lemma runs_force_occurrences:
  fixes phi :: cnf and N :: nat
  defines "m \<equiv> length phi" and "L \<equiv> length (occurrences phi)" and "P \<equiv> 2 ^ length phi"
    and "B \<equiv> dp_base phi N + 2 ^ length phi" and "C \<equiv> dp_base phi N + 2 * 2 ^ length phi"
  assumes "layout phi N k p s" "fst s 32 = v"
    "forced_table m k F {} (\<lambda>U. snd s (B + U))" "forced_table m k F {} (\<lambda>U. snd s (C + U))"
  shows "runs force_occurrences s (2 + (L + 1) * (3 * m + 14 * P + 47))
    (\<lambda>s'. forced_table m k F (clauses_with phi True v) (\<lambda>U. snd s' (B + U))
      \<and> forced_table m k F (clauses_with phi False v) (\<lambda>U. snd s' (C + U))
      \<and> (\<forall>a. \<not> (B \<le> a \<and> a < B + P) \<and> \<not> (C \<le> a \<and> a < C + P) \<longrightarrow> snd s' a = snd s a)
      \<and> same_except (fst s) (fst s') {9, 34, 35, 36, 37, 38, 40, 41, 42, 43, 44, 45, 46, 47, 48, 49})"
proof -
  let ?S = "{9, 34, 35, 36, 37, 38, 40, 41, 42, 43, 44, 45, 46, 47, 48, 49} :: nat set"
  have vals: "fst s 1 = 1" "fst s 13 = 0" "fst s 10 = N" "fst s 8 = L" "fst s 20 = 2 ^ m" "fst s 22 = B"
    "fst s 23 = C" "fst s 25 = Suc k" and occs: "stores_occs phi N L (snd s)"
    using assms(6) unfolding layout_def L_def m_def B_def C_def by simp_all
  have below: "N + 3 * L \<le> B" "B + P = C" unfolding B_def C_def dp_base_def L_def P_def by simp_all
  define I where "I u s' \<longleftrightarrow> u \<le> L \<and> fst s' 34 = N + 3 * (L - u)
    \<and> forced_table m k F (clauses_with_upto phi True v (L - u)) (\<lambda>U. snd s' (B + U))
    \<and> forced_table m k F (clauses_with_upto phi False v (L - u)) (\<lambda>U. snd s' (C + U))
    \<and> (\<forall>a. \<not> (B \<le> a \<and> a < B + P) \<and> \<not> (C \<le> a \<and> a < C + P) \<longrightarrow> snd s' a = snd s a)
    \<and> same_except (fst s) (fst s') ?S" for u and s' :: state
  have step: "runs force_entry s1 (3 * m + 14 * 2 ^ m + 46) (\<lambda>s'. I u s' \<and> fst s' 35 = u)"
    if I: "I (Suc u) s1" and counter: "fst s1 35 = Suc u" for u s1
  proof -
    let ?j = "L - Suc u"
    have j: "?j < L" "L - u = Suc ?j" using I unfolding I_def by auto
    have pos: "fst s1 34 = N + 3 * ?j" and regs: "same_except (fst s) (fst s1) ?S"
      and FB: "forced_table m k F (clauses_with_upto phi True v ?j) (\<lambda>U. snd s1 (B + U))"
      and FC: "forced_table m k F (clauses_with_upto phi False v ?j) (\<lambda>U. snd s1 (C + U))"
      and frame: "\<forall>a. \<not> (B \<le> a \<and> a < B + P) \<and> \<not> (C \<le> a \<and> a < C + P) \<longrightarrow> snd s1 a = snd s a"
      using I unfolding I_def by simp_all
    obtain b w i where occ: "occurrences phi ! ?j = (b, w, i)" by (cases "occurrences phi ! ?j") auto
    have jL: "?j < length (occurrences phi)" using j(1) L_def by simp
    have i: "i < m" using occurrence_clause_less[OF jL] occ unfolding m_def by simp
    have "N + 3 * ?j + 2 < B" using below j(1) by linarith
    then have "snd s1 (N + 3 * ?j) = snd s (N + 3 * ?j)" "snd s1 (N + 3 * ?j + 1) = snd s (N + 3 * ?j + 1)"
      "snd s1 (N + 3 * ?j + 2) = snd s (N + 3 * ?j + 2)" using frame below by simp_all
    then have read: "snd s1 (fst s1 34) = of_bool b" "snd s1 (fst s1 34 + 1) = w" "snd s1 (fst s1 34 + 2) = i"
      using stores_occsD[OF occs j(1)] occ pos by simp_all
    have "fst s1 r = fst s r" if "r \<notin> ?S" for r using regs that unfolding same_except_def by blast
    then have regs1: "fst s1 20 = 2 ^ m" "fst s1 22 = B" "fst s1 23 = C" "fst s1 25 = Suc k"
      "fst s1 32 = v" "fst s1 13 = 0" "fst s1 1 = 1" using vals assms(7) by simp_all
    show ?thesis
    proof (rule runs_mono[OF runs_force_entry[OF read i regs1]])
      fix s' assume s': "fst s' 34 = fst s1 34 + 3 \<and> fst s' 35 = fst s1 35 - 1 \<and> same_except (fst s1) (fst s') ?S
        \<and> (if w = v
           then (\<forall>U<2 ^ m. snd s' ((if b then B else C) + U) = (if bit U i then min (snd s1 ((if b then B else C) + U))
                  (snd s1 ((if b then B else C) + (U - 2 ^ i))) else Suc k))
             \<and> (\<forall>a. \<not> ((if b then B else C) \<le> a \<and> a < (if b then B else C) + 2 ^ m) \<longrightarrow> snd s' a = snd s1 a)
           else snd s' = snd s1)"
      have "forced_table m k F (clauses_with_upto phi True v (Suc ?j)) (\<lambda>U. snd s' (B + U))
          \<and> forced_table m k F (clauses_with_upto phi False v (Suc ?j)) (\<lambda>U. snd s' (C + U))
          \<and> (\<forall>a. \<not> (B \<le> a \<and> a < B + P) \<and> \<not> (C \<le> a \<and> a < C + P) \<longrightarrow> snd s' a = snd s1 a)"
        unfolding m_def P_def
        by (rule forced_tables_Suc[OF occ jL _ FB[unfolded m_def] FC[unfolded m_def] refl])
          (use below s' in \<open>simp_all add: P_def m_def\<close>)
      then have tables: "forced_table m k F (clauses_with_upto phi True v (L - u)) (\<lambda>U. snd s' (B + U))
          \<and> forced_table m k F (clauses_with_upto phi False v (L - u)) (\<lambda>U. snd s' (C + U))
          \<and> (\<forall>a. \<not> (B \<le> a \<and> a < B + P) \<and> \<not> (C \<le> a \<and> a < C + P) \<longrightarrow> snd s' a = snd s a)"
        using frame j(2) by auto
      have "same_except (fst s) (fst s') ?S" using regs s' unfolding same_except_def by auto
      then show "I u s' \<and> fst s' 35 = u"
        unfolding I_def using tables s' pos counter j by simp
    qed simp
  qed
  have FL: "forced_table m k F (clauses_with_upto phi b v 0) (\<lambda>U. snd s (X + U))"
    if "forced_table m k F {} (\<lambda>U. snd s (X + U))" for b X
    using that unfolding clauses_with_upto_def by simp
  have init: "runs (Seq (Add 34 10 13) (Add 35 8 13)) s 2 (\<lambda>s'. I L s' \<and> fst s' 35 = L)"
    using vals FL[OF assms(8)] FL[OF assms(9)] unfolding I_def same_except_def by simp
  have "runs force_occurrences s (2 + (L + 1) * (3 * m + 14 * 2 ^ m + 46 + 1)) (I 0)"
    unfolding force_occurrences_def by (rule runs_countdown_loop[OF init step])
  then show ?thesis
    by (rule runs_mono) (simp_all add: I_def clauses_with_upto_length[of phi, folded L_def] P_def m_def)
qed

- - -

EXERCISE AIM
Transcribe only what runs from the line with "using vals FL[OF" to the last line above, keeping every line exactly as written.

PROBLEM SOLUTION
    using vals FL[OF assms(8)] FL[OF assms(9)] unfolding I_def same_except_def by simp
  have "runs force_occurrences s (2 + (L + 1) * (3 * m + 14 * 2 ^ m + 46 + 1)) (I 0)"
    unfolding force_occurrences_def by (rule runs_countdown_loop[OF init step])
  then show ?thesis
    by (rule runs_mono) (simp_all add: I_def clauses_with_upto_length[of phi, folded L_def] P_def m_def)
qed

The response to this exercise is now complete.